Their controllers operate with two 32-bit channels, otherwise it wouldn't be a DDR5 controller - this is entirely determined by the standard. There is no way of "merging" them that wouldn't make it incompatible with the RAM. Thus they aren't technically correct, they are practically correct - their CPUs have "two channels" in terms of being equivalent to two DDR/2/3/4 channels. That DDR5 mucks this up by splitting the channels in two makes communicating this to anyone not very technically inclined nearly impossible (calling it quad channel would verge on misleding advertising, as it would imply it being 2x more than previous generations, and getting into the weeds of channel width in marketing or anything like that is unlikely to go well). They thus have to choose between clarity of communication and technical accuracy, and (rightly, IMO) they have gone for the former.

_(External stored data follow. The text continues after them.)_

(* Let $g=(g_0,g_1,g_2,g_3)\in\mathbb{R}^4$ with $g_0<g_2$ and $g_1<g_3$ be a fixed ground-truth box, and let $L_i\le U_i$ ($i=0,1,2,3$) be real numbers with $L_2>0$ and $L_3>0$. Consider the problem of maximising $\mathrm{IoU}(\mathbf z,g)$ over $\mathbf z=(z_0,z_1,z_2,z_3)\in\mathbb{R}^4$ subject to the constraints $$L_0\le z_0+z_2\le U_0,\qquad L_1\le z_1+z_3\le U_1,\qquad L_2\le z_2-z_0\le U_2,\qquad L_3\le z_3-z_1\le U_3,$$ and let $F$ denote the set of $\mathbf z$ satisfying these constraints. Define the finite sets of planar points $$P^c_x=\Big\{\big(\tfrac{U_0-U_2}{2},\tfrac{U_0+U_2}{2}\big),\big(\tfrac{U_0-L_2}{2},\tfrac{U_0+L_2}{2}\big),\big(\tfrac{L_0-U_2}{2},\tfrac{L_0+U_2}{2}\big),\big(\tfrac{L_0-L_2}{2},\tfrac{L_0+L_2}{2}\big)\Big\},$$ $$P^c_y=\Big\{\big(\tfrac{U_1-U_3}{2},\tfrac{U_1+U_3}{2}\big),\big(\tfrac{U_1-L_3}{2},\tfrac{U_1+L_3}{2}\big),\big(\tfrac{L_1-U_3}{2},\tfrac{L_1+U_3}{2}\big),\big(\tfrac{L_1-L_3}{2},\tfrac{L_1+L_3}{2}\big)\Big\},$$ $$P^{\mathrm{int}}_x=\{(g_0,U_0-g_0),(g_0,L_0-g_0),(g_0,U_2+g_0),(g_0,L_2+g_0),(U_0-g_2,g_2),(L_0-g_2,g_2),(g_2-U_2,g_2),(g_2-L_2,g_2)\},$$ $$P^{\mathrm{int}}_y=\{(g_1,U_1-g_1),(g_1,L_1-g_1),(g_1,U_3+g_1),(g_1,L_3+g_1),(U_1-g_3,g_3),(L_1-g_3,g_3),(g_3-U_3,g_3),(g_3-L_3,g_3)\},$$ $P^{gt}_x=\{(g_0,g_2)\}$, $P^{gt}_y=\{(g_1,g_3)\}$, and $P_x=P^c_x\cup P^{\mathrm{int}}_x\cup P^{gt}_x$, $P_y=P^c_y\cup P^{\mathrm{int}}_y\cup P^{gt}_y$. Let $P_{z_0}=\{\alpha:(\alpha,\beta)\in P_x\text{ for some }\beta\}$, $P_{z_2}=\{\beta:(\alpha,\beta)\in P_x\text{ for some }\alpha\}$, $P_{z_1}=\{\alpha:(\alpha,\beta)\in P_y\text{ for some }\beta\}$, $P_{z_3}=\{\beta:(\alpha,\beta)\in P_y\text{ for some }\alpha\}$, and $C_s=P_{z_0}\times P_{z_1}\times P_{z_2}\times P_{z_3}$ (a point $(z_0,z_1,z_2,z_3)$ lies in $C_s$ iff $z_i\in P_{z_i}$ for each $i$). Then the maximum of $\mathrm{IoU}(\mathbf z,g)$ over $F$ is attained at a point of $C_s$: if $\mathbf z^*\in F$ maximises $\mathrm{IoU}(\cdot,g)$ over $F$, then there exists $\mathbf z'\in C_s\cap F$ with $\mathrm{IoU}(\mathbf z',g)=\mathrm{IoU}(\mathbf z^*,g)$.
   Context: Boxes are in corner format $b=(b_0,b_1,b_2,b_3)$ with top-left corner $(b_0,b_1)$ and bottom-right corner $(b_2,b_3)$. The area of a box is $\mathbf a(b)=(b_3-b_1)(b_2-b_0)$. The intersection of boxes $b,b'$ is $\mathbf i(b,b')=(\max(b_0,b'_0),\max(b_1,b'_1),\min(b_2,b'_2),\min(b_3,b'_3))$, and $\mathrm{IoU}(b,b')=\mathbf a(\mathbf i(b,b'))/\big(\mathbf a(b)+\mathbf a(b')-\mathbf a(\mathbf i(b,b'))\big)$. In the paper's setting the constraint bounds arise from interval bounds on predicted box centres ($z_0+z_2$, $z_1+z_3$ equal twice the centre coordinates) and on predicted widths and heights ($z_2-z_0$, $z_3-z_1$), which are positive. *)

theory Defs
  imports Main Complex_Main
begin

text \<open>Boxes in corner format (b0,b1,b2,b3): top-left (b0,b1), bottom-right (b2,b3).\<close>
type_synonym box = "real \<times> real \<times> real \<times> real"

definition area :: "box \<Rightarrow> real" where
  "area b = (case b of (b0,b1,b2,b3) \<Rightarrow> (b3 - b1) * (b2 - b0))"

definition inter :: "box \<Rightarrow> box \<Rightarrow> box" where
  "inter b b' = (case b of (b0,b1,b2,b3) \<Rightarrow> case b' of (c0,c1,c2,c3) \<Rightarrow>
     (max b0 c0, max b1 c1, min b2 c2, min b3 c3))"

definition iou :: "box \<Rightarrow> box \<Rightarrow> real" where
  "iou b b' = area (inter b b') / (area b + area b' - area (inter b b'))"

definition feas :: "(nat \<Rightarrow> real) \<Rightarrow> (nat \<Rightarrow> real) \<Rightarrow> box set" where
  "feas L U = {(z0,z1,z2,z3).
      L 0 \<le> z0 + z2 \<and> z0 + z2 \<le> U 0 \<and>
      L 1 \<le> z1 + z3 \<and> z1 + z3 \<le> U 1 \<and>
      L 2 \<le> z2 - z0 \<and> z2 - z0 \<le> U 2 \<and>
      L 3 \<le> z3 - z1 \<and> z3 - z1 \<le> U 3}"

text \<open>Corner points; a = index of centre bound, b = index of width bound.\<close>
definition Pc :: "(nat \<Rightarrow> real) \<Rightarrow> (nat \<Rightarrow> real) \<Rightarrow> nat \<Rightarrow> nat \<Rightarrow> (real \<times> real) set" where
  "Pc L U a b = {((U a - U b)/2, (U a + U b)/2), ((U a - L b)/2, (U a + L b)/2),
                 ((L a - U b)/2, (L a + U b)/2), ((L a - L b)/2, (L a + L b)/2)}"

definition Pint :: "(nat \<Rightarrow> real) \<Rightarrow> (nat \<Rightarrow> real) \<Rightarrow> nat \<Rightarrow> nat \<Rightarrow> real \<Rightarrow> real \<Rightarrow> (real \<times> real) set" where
  "Pint L U a b ga gb = {(ga, U a - ga), (ga, L a - ga), (ga, U b + ga), (ga, L b + ga),
                        (U a - gb, gb), (L a - gb, gb), (gb - U b, gb), (gb - L b, gb)}"

definition Px :: "(nat \<Rightarrow> real) \<Rightarrow> (nat \<Rightarrow> real) \<Rightarrow> box \<Rightarrow> (real \<times> real) set" where
  "Px L U g = (case g of (g0,g1,g2,g3) \<Rightarrow> Pc L U 0 2 \<union> Pint L U 0 2 g0 g2 \<union> {(g0, g2)})"

definition Py :: "(nat \<Rightarrow> real) \<Rightarrow> (nat \<Rightarrow> real) \<Rightarrow> box \<Rightarrow> (real \<times> real) set" where
  "Py L U g = (case g of (g0,g1,g2,g3) \<Rightarrow> Pc L U 1 3 \<union> Pint L U 1 3 g1 g3 \<union> {(g1, g3)})"

definition Cs :: "(nat \<Rightarrow> real) \<Rightarrow> (nat \<Rightarrow> real) \<Rightarrow> box \<Rightarrow> box set" where
  "Cs L U g = {(z0,z1,z2,z3). z0 \<in> fst ` Px L U g \<and> z1 \<in> fst ` Py L U g \<and>
                              z2 \<in> snd ` Px L U g \<and> z3 \<in> snd ` Py L U g}"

AMD is IMO very likely to do the same, as the work of constantly reminding everyone that DDR5 channels are half as wide as DDR4 channels is going to get very annoying very quickly (and it would necessitate negatively loaded terms like "half-width channels" or something like that ("32-bit channels" wouldn't cut it to avoid misleading marketing as customers can't be expected to know how wide channels have been previously). It is also ultimately a moot point in anything but the technical workings of this, as the end result is ~the same due to each DIMM now also being dual-channel. In essentially every scenario where you're trying to communicate the capabilities of your CPU or platform, sticking to technically wrong "aggregate" channels is less confusing and more informative than technically accurate language.
Posted on Reply
#38
trsttte
ValantarAMD is IMO very likely to do the same, as the work of constantly reminding everyone that DDR5 channels are half as wide as DDR4 channels is going to get very annoying very quickly (and it would necessitate negatively loaded terms like "half-width channels" or something like that ("32-bit channels" wouldn't cut it to avoid misleading marketing as customers can't be expected to know how wide channels have been previously). It is also ultimately a moot point in anything but the technical workings of this, as the end result is ~the same due to each DIMM now also being dual-channel. In essentially every scenario where you're trying to communicate the capabilities of your CPU or platform, sticking to technically wrong "aggregate" channels is less confusing and more informative than technically accurate language.
I can already see the confusion that would ensue: "but new computers are all 64 bits, how come now we're going back to 32 bits?"
Posted on Reply
#39
user556
ValantarYes, and that's what we've been discussing ever since, though with an aside into whether increasing consumer platform memory channels is feasible.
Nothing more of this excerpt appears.